Le milieu de Nico, c’est le Milieu. Le jeu entre minuscule et majuscule, entre milieu social et Milieu criminel, livre d’emblée le propos du dernier film de Milo Chiarini. Parler du déterminisme social, à travers le film noir qui reprend depuis toujours le fatum des tragédies où tout est déjà écrit. Troisième long métrage du réalisateur marseillais, ex-flic, Mon milieu raconte l’histoire de Nico.
Relaxé après 20 ans de réclusion pour homicide, il est bien décidé à ne pas retourner en prison et à profiter de cette liberté recouvrée en citoyen tranquille. Nico (interprété avec une grande douceur par le réalisateur) retrouve ce qui lui reste de la famille qu’il n’a plus voulu revoir durant sa longue incarcération : sa mère Maria, marquée par les drames, sa sœur Clara (Alice Demeo) née après son arrestation, son frère Antony (Andréa Dolente) qui gère une boîte de nuit. Ses copains d’enfance et de délinquance – ceux qui ont survécu en tout cas – l’attendent.
Ils se sont embourgeoisés dans le banditisme, tel Titi (Nicolas Morazzani), son ami de toujours, son « sang », montant les échelons du clan des Corses sous l’autorité du parrain (Piero Brichese). Nico observe les enveloppes récupérées, le tabassage d’un subalterne, les grosses voitures, les montres suisses en signe extérieur de puissance, les calibres glissés sous les vestes, les paroles chuchotées à l’oreille. Car si des choses ont changé pendant ces vingt années, s’il doit se faire expliquer le fonctionnement d’un téléphone portable, l’essentiel demeure. Peu à peu, Nico bien malgré lui, est aspiré par ce (M) milieu « qui dévore ses enfants pour se perpétuer », et qui est le sien.

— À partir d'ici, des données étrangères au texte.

theorem proposition3p3p2:
  fixes ws :: "complex list"
  assumes "length ws \<ge> 1"
    and "\<forall>w\<in>set ws. Re w > 0"
  shows "(\<forall>s. Re s > 1 \<longrightarrow>
            (\<lambda>n. norm (Z_factor ws s n - 1)) summable_on multi_idx (length ws)
          \<and> (Z_partial ws s \<longlonglongrightarrow> Z_prod ws s))
     \<and> (\<exists>Zext :: complex list \<Rightarrow> complex \<Rightarrow> complex.
          (\<forall>vs. (\<forall>v\<in>set vs. Re v > 0) \<longrightarrow>
              Zext vs meromorphic_on UNIV \<and> (\<forall>s. Re s > 1 \<longrightarrow> Zext vs s = Z_prod vs s))
        \<and> (\<forall>\<^sub>\<approx>s. Zext ws s = Zext (butlast ws) s * Zext ws (s + last ws))
        \<and> (\<forall>\<^sub>\<approx>s. Zext ws s *
               (\<Prod>j\<in>{1..length ws}. \<Prod>K\<in>{K. K \<subseteq> {..<length ws} \<and> card K = j}.
                  Zext ws (s + (\<Sum>k\<in>K. ws ! k)) powi ((-1) ^ j))
             = Zext [] s))"
proof (intro conjI allI impI exI[of _ Z_ext])
  fix s :: complex assume s: "Re s > 1"
  show "(\<lambda>n. norm (Z_factor ws s n - 1)) summable_on multi_idx (length ws)"
    by (rule abs_summable_Z_factor_minus_one[OF assms(2) s])
  show "Z_partial ws s \<longlonglongrightarrow> Z_prod ws s"
    by (rule Z_partial_tendsto[OF assms(2) s])
next
  fix vs :: "complex list" and s :: complex
  assume "\<forall>v\<in>set vs. Re v > 0"
  thus "Z_ext vs meromorphic_on UNIV" by (rule meromorphic_Z_ext)
  assume "Re s > 1"
  thus "Z_ext vs s = Z_prod vs s" by (rule Z_ext_eq_Z_prod)
next
  obtain vs a where ws: "ws = vs @ [a]"
    using assms(1) by (cases ws rule: rev_cases) auto
  have "Z_ext ws s = Z_ext (butlast ws) s * Z_ext ws (s + last ws)" for s
    unfolding ws butlast_snoc last_snoc by (rule Z_ext_snoc_shift) (use assms(2) ws in simp)
  thus "\<forall>\<^sub>\<approx>s. Z_ext ws s = Z_ext (butlast ws) s * Z_ext ws (s + last ws)"
    by (intro always_eventually allI)
next
  show "\<forall>\<^sub>\<approx>s. Z_ext ws s * (\<Prod>j\<in>{1..length ws}. \<Prod>K\<in>{K. K \<subseteq> {..<length ws} \<and> card K = j}.
          Z_ext ws (s + (\<Sum>k\<in>K. ws ! k)) powi ((-1) ^ j)) = Z_ext [] s"
    unfolding prod_card_eq_alt_shift_prod Z_ext_Nil by (rule alt_shift_prod_Z_ext_cosparse_eq[OF assms(2)])
qed

end
definition nbrL :: "('a \<times> 'b) set \<Rightarrow> 'a set \<Rightarrow> 'b set" where
  "nbrL E St = {b. \<exists>a\<in>St. (a, b) \<in> E}"

definition nbrR :: "('a \<times> 'b) set \<Rightarrow> 'b set \<Rightarrow> 'a set" where
  "nbrR E S = {a. \<exists>b\<in>S. (a, b) \<in> E}"

definition deg :: "('a \<times> 'b) set \<Rightarrow> 'a \<Rightarrow> nat" where
  "deg E a = card (nbr E a)"

definition nd :: "'a set \<Rightarrow> ('a \<times> 'b) set \<Rightarrow> ('a \<times> 'b) set \<Rightarrow> nat" where
  "nd Ut E E' = card {a \<in> Ut. nbr E a \<noteq> nbr E' a}"

definition edges_between :: "('a \<times> 'b) set \<Rightarrow> 'a set \<Rightarrow> 'b set \<Rightarrow> nat" where
  "edges_between E St S = card {(a, b) \<in> E. a \<in> St \<and> b \<in> S}"

definition has_matching_covering :: "('a \<times> 'b) set \<Rightarrow> 'a set \<Rightarrow> bool" where
  "has_matching_covering E Ut \<longleftrightarrow>
     (\<exists>M \<subseteq> E. (\<forall>(a, b) \<in> M. \<forall>(a', b') \<in> M. (a, b) \<noteq> (a', b') \<longrightarrow> a \<noteq> a' \<and> b \<noteq> b')
              \<and> Ut \<subseteq> fst ` M)"

end

theory Submission
  imports Defs
begin

text \<open>By Hall's theorem it suffices that every St \<subseteq> Ut has at least |St|
  neighbours in B'. Small sets expand by (ii). For medium sets with fewer neighbours than
  elements, (ii) applied to a subset of size n2 shows that the neighbourhood N is large
  enough for (iii), and then the minimum degree (i) forces |N| \<ge> n3, contradicting
  |N| < |St| < n3. For a large set St with neighbourhood N, condition (iv) applied to
  U - N gives more than s vertices of St with a B-neighbour outside N; these have
  different neighbourhoods in B and B', contradicting nd \<le> s.\<close>

definition hall_condition :: "('a \<times> 'b) set \<Rightarrow> 'a set \<Rightarrow> bool" where
  "hall_condition E A \<longleftrightarrow> (\<forall>S\<subseteq>A. card S \<le> card (nbrL E S))"
theorem residual_tendsto_0: "((\<lambda>t. norm (F (x t) - y)) \<longlongrightarrow> 0) at_top"
proof -
  have "((\<lambda>t. (residual t)\<^sup>2) \<longlongrightarrow> 0) at_top"
    using barbalat[OF residual_square_uniformly_continuous _ integral_residual_square_le] by simp
  then have "((\<lambda>t. sqrt ((residual t)\<^sup>2)) \<longlongrightarrow> sqrt 0) at_top" by (rule tendsto_real_sqrt)
  then show ?thesis by (simp add: residual_def)
qed

end

theorem proposition3p2:
  fixes \<Theta> :: "'a::{real_inner,complete_space} \<Rightarrow> ereal"
    and F :: "'a \<Rightarrow> 'b::{real_inner,complete_space}"
    and DF :: "'a set"
    and L :: "'a \<Rightarrow> ('a \<Rightarrow>\<^sub>L 'b)"
    and y :: 'b
    and p c0 \<rho> \<eta> C0 :: real
    and x0 \<xi>0 xstar xhat :: 'a
  assumes p: "p > 1" and c0: "c0 > 0"
    and Theta_proper: "proper_fun \<Theta>"
    and Theta_wlsc: "weakly_lsc \<Theta>"
    and Theta_pconv: "p_convex \<Theta> p c0"
    and rho: "\<rho> > 0"
    and xi0: "\<xi>0 \<in> subdiff \<Theta> x0"
    and ball_DF: "cball x0 (2 * \<rho>) \<subseteq> DF"
    and xstar: "xstar \<in> DF" "F xstar = y" "xstar \<in> effdom \<Theta>"
               "bregman \<Theta> \<xi>0 xstar x0 \<le> ereal (c0 * \<rho> powr p)"
    and F_cont: "continuous_on DF F"
    and F_wclosed: "weakly_closed_on DF F"
    and L_cont: "continuous_on (cball x0 (2 * \<rho>) \<inter> effdom \<Theta>) L"
    and eta: "0 \<le> \<eta>" "\<eta> < 1"
    and tcc: "\<And>x xb. x \<in> cball x0 (2 * \<rho>) \<inter> effdom \<Theta> \<Longrightarrow> xb \<in> cball x0 (2 * \<rho>) \<inter> effdom \<Theta> \<Longrightarrow>
                norm (F x - F xb - blinfun_apply (L xb) (x - xb)) \<le> \<eta> * norm (F x - F xb)"
    and C0: "C0 > 0" "\<And>x. x \<in> cball x0 (2 * \<rho>) \<Longrightarrow> norm (L x) \<le> C0"
    and xhat: "xhat \<in> DF" "F xhat = y"
              "bregman \<Theta> \<xi>0 xhat x0 \<le> ereal (c0 * \<rho> powr p)"
  shows
    "(\<forall>yd \<delta> \<xi>d xd T.
        norm (y - yd) \<le> \<delta> \<longrightarrow> flow_solution \<Theta> DF F L yd \<xi>0 x0 \<xi>d xd \<longrightarrow> T > 0 \<longrightarrow>
        xd T \<in> cball x0 (2 * \<rho>) \<longrightarrow>
        (\<exists>D. ((\<lambda>t. real_of_ereal (bregman \<Theta> (\<xi>d t) xhat (xd t))) has_real_derivative D) (at T) \<and>
             D \<le> - (1 - \<eta>) * (norm (F (xd T) - yd))\<^sup>2 + \<delta> * (1 + \<eta>) * norm (F (xd T) - yd)))
     \<and>
     (\<forall>\<xi> x. flow_solution \<Theta> DF F L y \<xi>0 x0 \<xi> x \<longrightarrow>
        (\<integral>\<^sup>+ \<tau>\<in>{0..}. ennreal ((norm (F (x \<tau>) - y))\<^sup>2) \<partial>lborel)
           \<le> ennreal (real_of_ereal (bregman \<Theta> \<xi>0 xhat x0) / (1 - \<eta>))
        \<and> ((\<lambda>T. norm (F (x T) - y)) \<longlongrightarrow> 0) at_top)"
  proof -
  \<comment> \<open>Weak closedness of \<open>F\<close>, continuity of \<open>L\<close>, \<open>xstar\<close> and \<open>cball x0 (2 * \<rho>) \<subseteq> DF\<close> only
    serve the existence of the flow, which is assumed here.\<close>
  interpret landweber_setting \<Theta> F L y p c0 \<rho> \<eta> C0 x0 \<xi>0 xhat
    using p c0 Theta_proper Theta_wlsc Theta_pconv rho eta tcc C0 xi0 xhat(2,3)
    by unfold_locales auto
  show ?thesis
  proof (intro conjI allI impI)
    fix yd \<delta> \<xi>d xd T
    assume "norm (y - yd) \<le> \<delta>" "flow_solution \<Theta> DF F L yd \<xi>0 x0 \<xi>d xd" "T > 0"
      "xd T \<in> cball x0 (2 * \<rho>)"
    then show "\<exists>D. ((\<lambda>t. real_of_ereal (bregman \<Theta> (\<xi>d t) xhat (xd t))) has_real_derivative D) (at T) \<and>
        D \<le> - (1 - \<eta>) * (norm (F (xd T) - yd))\<^sup>2 + \<delta> * (1 + \<eta>) * norm (F (xd T) - yd)"
      by (rule bregman_flow_derivative_le)
  next
    fix \<xi> x assume "flow_solution \<Theta> DF F L y \<xi>0 x0 \<xi> x"
    then interpret exact_flow \<Theta> F L y p c0 \<rho> \<eta> C0 x0 \<xi>0 xhat DF \<xi> x
      using F_cont by unfold_locales
    show "(\<integral>\<^sup>+ \<tau>\<in>{0..}. ennreal ((norm (F (x \<tau>) - y))\<^sup>2) \<partial>lborel)
        \<le> ennreal (real_of_ereal (bregman \<Theta> \<xi>0 xhat x0) / (1 - \<eta>))"
      by (rule residual_square_nn_integral_le)
    show "((\<lambda>T. norm (F (x T) - y)) \<longlongrightarrow> 0) at_top"
      by (rule residual_tendsto_0)
  qed
qed
(* In the model and protocol $\mathrm{OciorABA}^*$ described in the context, with $n\ge 3t+1$, if every honest node receives an input message, then every honest node eventually outputs a value and terminates.
   Context: Model: there are $n$ nodes $\mathrm{Node}_1,\dots,\mathrm{Node}_n$ in an asynchronous network (every message sent between honest nodes is eventually delivered, with arbitrary adversarial delay). An adaptive adversary may corrupt (make dishonest/Byzantine) at most $t$ nodes in total; $\mathcal F\subseteq[1:n]$ denotes the set of dishonest nodes; $n\ge 3t+1$. Primitives used as black boxes: (RBC) For each $j\in[1:n]$ there is a reliable broadcast instance $\mathrm{RBC}_j$ with leader $\mathrm{Node}_j$, satisfying: Consistency (if two honest nodes output $w',w''$ then $w'=w''$); Validity (if the leader is honest and inputs $w$, every honest node eventually outputs $w$); Totality (if one honest node outputs a value, every honest node eventually outputs a value). (ABBA) For each $j\in[1:n]$ there is a binary Byzantine agreement instance $\mathrm{ABBA}_j$ (inputs and outputs in $\{0,1\}$), satisfying: Termination (if all honest nodes provide inputs, every honest node eventually outputs a value and terminates); Consistency (if an honest node outputs $b$, every honest node eventually outputs $b$); Validity (if all honest nodes input the same $b$, every honest node eventually outputs $b$). (Erasure code) An $(n,t+1)$ erasure code over an alphabet $\Sigma$: an encoder $\mathrm{Enc}$ mapping a message $w$ to $(\mathrm{Enc}_1(w),\dots,\mathrm{Enc}_n(w))\in\Sigma^n$ and a decoder $\mathrm{Dec}$ such that for every set $K\subseteq[1:n]$ with $|K|=t+1$, $\mathrm{Dec}(\{\mathrm{Enc}_j(w)\}_{j\in K})=w$. Protocol $\mathrm{OciorABA}^*$, code for an honest $\mathrm{Node}_i$ with input message $w_i$: (1) Compute $(y^{(i)}_1,\dots,y^{(i)}_n)=\mathrm{Enc}(w_i)$ and input $y^{(i)}_i$ into $\mathrm{RBC}_i$ (as leader). (2) Upon delivery of a value $y^{(j)}_j$ from $\mathrm{RBC}_j$ (after step (1) has been executed), if $\mathrm{Node}_i$ has not yet given an input to $\mathrm{ABBA}_j$: set $a_i[j]=1$ if $y^{(j)}_j=y^{(i)}_j$ and $a_i[j]=0$ otherwise, and input $a_i[j]$ into $\mathrm{ABBA}_j$. (3) Upon obtaining outputs from $n-t$ of the instances $\mathrm{ABBA}_1,\dots,\mathrm{ABBA}_n$, input $0$ into every $\mathrm{ABBA}_j$ to which $\mathrm{Node}_i$ has not yet given an input. (4) Upon obtaining outputs from all $n$ ABBA instances: let $S=\{j:\mathrm{ABBA}_j\text{ output }1\}$. If $|S|<t+1$, output a default value $\bot$ and terminate. Otherwise let $K$ be the set of the $t+1$ smallest elements of $S$, wait for delivery of $y^{(j)}_j$ from $\mathrm{RBC}_j$ for all $j\in K$, output $\mathrm{Dec}(\{y^{(j)}_j\}_{j\in K})$ and terminate. *)

theory Defs
  imports Main
begin

text \<open>
  Nodes are 1..n; F is the set of nodes that are ever
  corrupted (adaptive adversary); honest nodes are those in {1..n} - F.
  Time is discrete (nat); an event that "eventually" happens is recorded as
  Some (time, value), an event that never happens as None.  Delivery scheduling and
  the behaviour of dishonest nodes are arbitrary (adversarial): they are not
  constrained except through the black-box guarantees below.
\<close>

definition honest :: "nat \<Rightarrow> nat set \<Rightarrow> nat set" where
  "honest n F = {1..n} - F"

text \<open>(n, t+1) erasure code: decoding from any t+1 coordinates.  The coordinates
  {Enc_j(w)}_{j in K} are passed as the function j |-> Enc w j together with K.\<close>
definition erasure_code :: "nat \<Rightarrow> nat \<Rightarrow> ('m \<Rightarrow> nat \<Rightarrow> 's) \<Rightarrow> ((nat \<Rightarrow> 's) \<Rightarrow> nat set \<Rightarrow> 'm) \<Rightarrow> bool" where
  "erasure_code n t Enc Dec \<longleftrightarrow>
     (\<forall>w K. K \<subseteq> {1..n} \<longrightarrow> card K = t + 1 \<longrightarrow> Dec (\<lambda>j. Enc w j) K = w)
   \<and> (\<forall>f g K. (\<forall>j\<in>K. f j = g j) \<longrightarrow> Dec f K = Dec g K)"

text \<open>RBC guarantees. rbc_in j = leader input of RBC_j (time, value);
  rbc_out i j = output of RBC_j at node i (time, value).\<close>
definition RBC_props :: "nat \<Rightarrow> nat set \<Rightarrow> (nat \<Rightarrow> (nat \<times> 's) option)
      \<Rightarrow> (nat \<Rightarrow> nat \<Rightarrow> (nat \<times> 's) option) \<Rightarrow> bool" where
  "RBC_props n F rbc_in rbc_out \<longleftrightarrow>
    (\<forall>j\<in>{1..n}.
      (\<forall>i\<in>honest n F. \<forall>i'\<in>honest n F. \<forall>s s' w' w''.
          rbc_out i j = Some (s, w') \<longrightarrow> rbc_out i' j = Some (s', w'') \<longrightarrow> w' = w'')
    \<and> (j \<in> honest n F \<longrightarrow> (\<forall>s w. rbc_in j = Some (s, w) \<longrightarrow>
          (\<forall>i\<in>honest n F. \<exists>s'. rbc_out i j = Some (s', w))))
    \<and> ((\<exists>i\<in>honest n F. rbc_out i j \<noteq> None) \<longrightarrow> (\<forall>i\<in>honest n F. rbc_out i j \<noteq> None)))"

Titi fait des affaires avec Djama, (Doumé Sahki) un caïd de la drogue qui a une sœur rebelle et indépendante, Nora (Sabrina Nouchi). Nico et Nora vont bien sûr tomber amoureux l’un de l’autre, attisant sans le vouloir, la jalousie d’Hakim (Yanisse Mahmoudi), compliquant les rapports inter-clans, et activant une mécanique mortifère.
Sous l’aile des maîtres du genre
Réaliser un film à petit budget sur des voyous de Marseille, après tant d’autres sur le sujet, n’est pas chose facile. Milo Chiarini le fait avec modestie. Aucun folklore dans son approche, aucun bain de sang à la coréenne, aucune poursuite sur les chapeaux de roue. Aucune idéalisation du bandit non plus – définitivement sans foi, sans loi, sans beaucoup de cervelle non plus.
On reconnaît en clins d’œil-hommages les grands modèles du genre. Un peu de Coppola avec le mariage de la grande sœur de Djama et Nora (Le Parrain), un peu de Scorsese avec la mauvaise blague qui coûte la vie au blagueur (Les Affranchis). Le réalisateur ne croit pas qu’on choisisse vraiment de devenir un bandit ni que tout le monde soit doué d’un libre arbitre. « Il n’y a pas d’espoir dans ce film seulement des hommes qui vivent par l’épée et qui périssent par l’épée » écrit-il.
ÉLISE PADOVANI
Mon milieu, de Milo Chiarini
En salles le 19 juin
Le film a été présenté en avant-première le 9 avril au Chambord, Marseille.